WHAT YOU NEED TO DO: In the data below, which lines contain "assumes"? List them by copying each one.

(DATA IN THIS EXERCISE Opens)

(* Let $(M,g,S)$ be as in the context, $p\in M$, and let $u\in T_pM$ be such that $\{u,Su,S^2u,S^3u\}$ is an orthonormal basis of $T_pM$ with respect to $g$. Give each $v\in T_pM$ the coordinates $(x,y,z,t)$ defined by $v=xu+ySu+zS^2u+tS^3u$, and define new coordinates $(x',y',z',t')$ by $x=\frac12(x'-y'+z'-t')$, $y=\frac{\sqrt2}{2}(-y'+t')$, $z=-\frac12(x'+y'+z'+t')$, $t=\frac{\sqrt2}{2}(-x'+z')$. For $a\in\mathbb R$, the hyper-sphere $s=\{v\in T_pM:\tilde g(v,v)=a\}$ has, in the coordinates $(x',y',z',t')$, the equation $$x'^2+y'^2-z'^2-t'^2=\frac{a}{\sqrt2}.$$
   Context: $M$ is a 4-dimensional differentiable manifold with a positive definite metric $g$ and a tensor field $S$ of type $(1,1)$ whose components in some local coordinate system form the matrix with rows $(0,1,0,0)$, $(0,0,1,0)$, $(0,0,0,1)$, $(-1,0,0,0)$; hence $S^4=-\mathrm{id}$. It is assumed that $g(Su,Sv)=g(u,v)$ for all vector fields $u,v$. The associated metric is $\tilde g(u,v)=g(u,Sv)+g(Su,v)$. *)

theory Defs
  imports "HOL-Analysis.Analysis"
begin

definition assoc_metric :: "('v \<Rightarrow> 'v \<Rightarrow> real) \<Rightarrow> ('v \<Rightarrow> 'v) \<Rightarrow> 'v \<Rightarrow> 'v \<Rightarrow> real" where
  "assoc_metric g S v w = g v (S w) + g (S v) w"

definition hypersphere :: "('v \<Rightarrow> 'v \<Rightarrow> real) \<Rightarrow> ('v \<Rightarrow> 'v) \<Rightarrow> real \<Rightarrow> 'v set" where
  "hypersphere g S a = {v. assoc_metric g S v v = a}"

end

theory Submission
  imports Defs
begin

text \<open>
  In the orthonormal frame \<open>u, Su, S\<^sup>2u, S\<^sup>3u\<close> the operator \<open>S\<close> shifts coordinates
  cyclically with a sign, \<open>(x, y, z, t) \<mapsto> (-t, x, y, z)\<close>, so both \<open>g(v, Sv)\<close> and
  \<open>g(Sv, v)\<close> equal \<open>xy + yz + zt - xt\<close>. The quadratic form \<open>2(xy + yz + zt - xt)\<close> has
  eigenvalues \<open>\<plusminus>\<surd>2\<close>, each of multiplicity two, and the primed coordinates are an
  orthogonal change of basis onto its eigenvectors.
\<close>

lemma bilinear_orthonormal_sum:
  fixes n :: nat
  assumes "bilinear g"
    and "\<forall>i<n. \<forall>j<n. g (e i) (e j) = (if i = j then 1 else 0)"
  shows "g (\<Sum>i<n. a i *\<^sub>R e i) (\<Sum>j<n. b j *\<^sub>R e j) = (\<Sum>i<n. a i * b i)"
proof -
  have "g (\<Sum>i<n. a i *\<^sub>R e i) (\<Sum>j<n. b j *\<^sub>R e j)
      = (\<Sum>(i, j)\<in>{..<n} \<times> {..<n}. a i * b j * g (e i) (e j))"
    by (simp add: bilinear_sum[OF assms(1)] bilinear_lmul[OF assms(1)] bilinear_rmul[OF assms(1)]
        case_prod_beta mult_ac)
  also have "\<dots> = (\<Sum>(i, j)\<in>{..<n} \<times> {..<n}. a i * b j * (if i = j then 1 else 0))"
    using assms(2) by (intro sum.cong) auto
  also have "\<dots> = (\<Sum>i<n. \<Sum>j<n. a i * b j * (if i = j then 1 else 0))"
    by (simp add: sum.cartesian_product)
  also have "\<dots> = (\<Sum>i<n. a i * b i)"
    by (simp add: if_distrib[of "(*) _"] cong: if_cong)
  finally show ?thesis .
qed

lemma sum_lessThan_4:
  fixes f :: "nat \<Rightarrow> 'a::comm_monoid_add"
  shows "(\<Sum>i<4. f i) = f 0 + f 1 + f 2 + f 3"
  by (simp add: eval_nat_numeral add.assoc)

lemma linear_image_skew_cyclic_frame:
  assumes "linear S" and "(S ^^ 4) u = - u"
  shows "S (x *\<^sub>R u + y *\<^sub>R S u + z *\<^sub>R (S ^^ 2) u + t *\<^sub>R (S ^^ 3) u)
    = (- t) *\<^sub>R u + x *\<^sub>R S u + y *\<^sub>R (S ^^ 2) u + z *\<^sub>R (S ^^ 3) u"
proof -
  have "S ((S ^^ 3) u) = - u"
    using assms(2) by (simp add: eval_nat_numeral)
  then show ?thesis
    using assms(1)
    by (simp add: linear_add linear_scale eval_nat_numeral algebra_simps)
qed

lemma assoc_metric_skew_cyclic_frame:
  fixes x y z t :: real
  assumes "bilinear g" and "linear S" and "(S ^^ 4) u = - u"
    and "\<forall>i<4. \<forall>j<4. g ((S ^^ i) u) ((S ^^ j) u) = (if i = j then 1 else 0)"
  defines "v \<equiv> x *\<^sub>R u + y *\<^sub>R S u + z *\<^sub>R (S ^^ 2) u + t *\<^sub>R (S ^^ 3) u"
  shows "assoc_metric g S v v = 2 * (x * y + y * z + z * t - x * t)"
proof -
  define e where "e i = (S ^^ i) u" for i
  define c where "c = (!) [x, y, z, t]"
  define d where "d = (!) [- t, x, y, z]"
  have v: "v = (\<Sum>i<4. c i *\<^sub>R e i)"
    by (simp add: v_def sum_lessThan_4 c_def e_def)
  have Sv: "S v = (\<Sum>i<4. d i *\<^sub>R e i)"
    using linear_image_skew_cyclic_frame[OF assms(2,3)]
    by (simp add: v_def sum_lessThan_4 d_def e_def)
  have orthonormal: "\<forall>i<4. \<forall>j<4. g (e i) (e j) = (if i = j then 1 else 0)"
    using assms(4) by (simp add: e_def)
  have "g v (S v) = (\<Sum>i<4. c i * d i)" "g (S v) v = (\<Sum>i<4. d i * c i)"
    using bilinear_orthonormal_sum[OF assms(1) orthonormal, of c d]
      bilinear_orthonormal_sum[OF assms(1) orthonormal, of d c]
    unfolding v[symmetric] Sv[symmetric] .
  then show ?thesis
    by (simp add: assoc_metric_def sum_lessThan_4 c_def d_def algebra_simps)
qed

lemma hyperbolic_coordinates:
  fixes x' y' z' t' :: real
  assumes "x = (x' - y' + z' - t') / 2" and "y = sqrt 2 / 2 * (- y' + t')"
    and "z = - (x' + y' + z' + t') / 2" and "t = sqrt 2 / 2 * (- x' + z')"
  shows "2 * (x * y + y * z + z * t - x * t) = sqrt 2 * (x'^2 + y'^2 - z'^2 - t'^2)"
  unfolding assms power2_eq_square by (simp add: field_simps; algebra)

theorem theorem3p1:
  fixes g :: "'v::real_vector \<Rightarrow> 'v \<Rightarrow> real" and S :: "'v \<Rightarrow> 'v"
    and u :: 'v and a :: real
  assumes g_bilinear: "bilinear g"
    and g_sym: "\<forall>v w. g v w = g w v"
    and g_posdef: "\<forall>v. v \<noteq> 0 \<longrightarrow> g v v > 0"
    and S_linear: "linear S"
    and S4: "\<forall>v. (S ^^ 4) v = - v"
    and S_isom: "\<forall>v w. g (S v) (S w) = g v w"
    and u_orthonormal: "\<forall>i<4. \<forall>j<4. g ((S ^^ i) u) ((S ^^ j) u) = (if i = j then 1 else 0)"
    and u_spans: "span {(S ^^ i) u | i. i < (4::nat)} = UNIV"
  shows "\<forall>x' y' z' t' :: real.
     let x = (x' - y' + z' - t') / 2;
         y = sqrt 2 / 2 * (- y' + t');
         z = - (x' + y' + z' + t') / 2;
         t = sqrt 2 / 2 * (- x' + z');
         v = x *\<^sub>R u + y *\<^sub>R S u + z *\<^sub>R (S ^^ 2) u + t *\<^sub>R (S ^^ 3) u
     in (v \<in> hypersphere g S a \<longleftrightarrow> x'^2 + y'^2 - z'^2 - t'^2 = a / sqrt 2)"
proof (intro allI)
  fix x' y' z' t' :: real
  let ?x = "(x' - y' + z' - t') / 2" and ?y = "sqrt 2 / 2 * (- y' + t')"
    and ?z = "- (x' + y' + z' + t') / 2" and ?t = "sqrt 2 / 2 * (- x' + z')"
  let ?v = "?x *\<^sub>R u + ?y *\<^sub>R S u + ?z *\<^sub>R (S ^^ 2) u + ?t *\<^sub>R (S ^^ 3) u"
  have "assoc_metric g S ?v ?v = 2 * (?x * ?y + ?y * ?z + ?z * ?t - ?x * ?t)"
    by (rule assoc_metric_skew_cyclic_frame[OF g_bilinear S_linear S4[rule_format] u_orthonormal])
  also have "\<dots> = sqrt 2 * (x'^2 + y'^2 - z'^2 - t'^2)"
    by (rule hyperbolic_coordinates) (rule refl)+
  finally show "let x = ?x; y = ?y; z = ?z; t = ?t;
      v = x *\<^sub>R u + y *\<^sub>R S u + z *\<^sub>R (S ^^ 2) u + t *\<^sub>R (S ^^ 3) u
    in (v \<in> hypersphere g S a \<longleftrightarrow> x'^2 + y'^2 - z'^2 - t'^2 = a / sqrt 2)"
    by (auto simp: Let_def hypersphere_def field_simps)
qed

end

(DATA IN THIS EXERCISE Closes)

RESPONSE BELOW:
  assumes "bilinear g"
  assumes "linear S" and "(S ^^ 4) u = - u"
  assumes "bilinear g" and "linear S" and "(S ^^ 4) u = - u"
  assumes "x = (x' - y' + z' - t') / 2" and "y = sqrt 2 / 2 * (- y' + t')"
  assumes g_bilinear: "bilinear g"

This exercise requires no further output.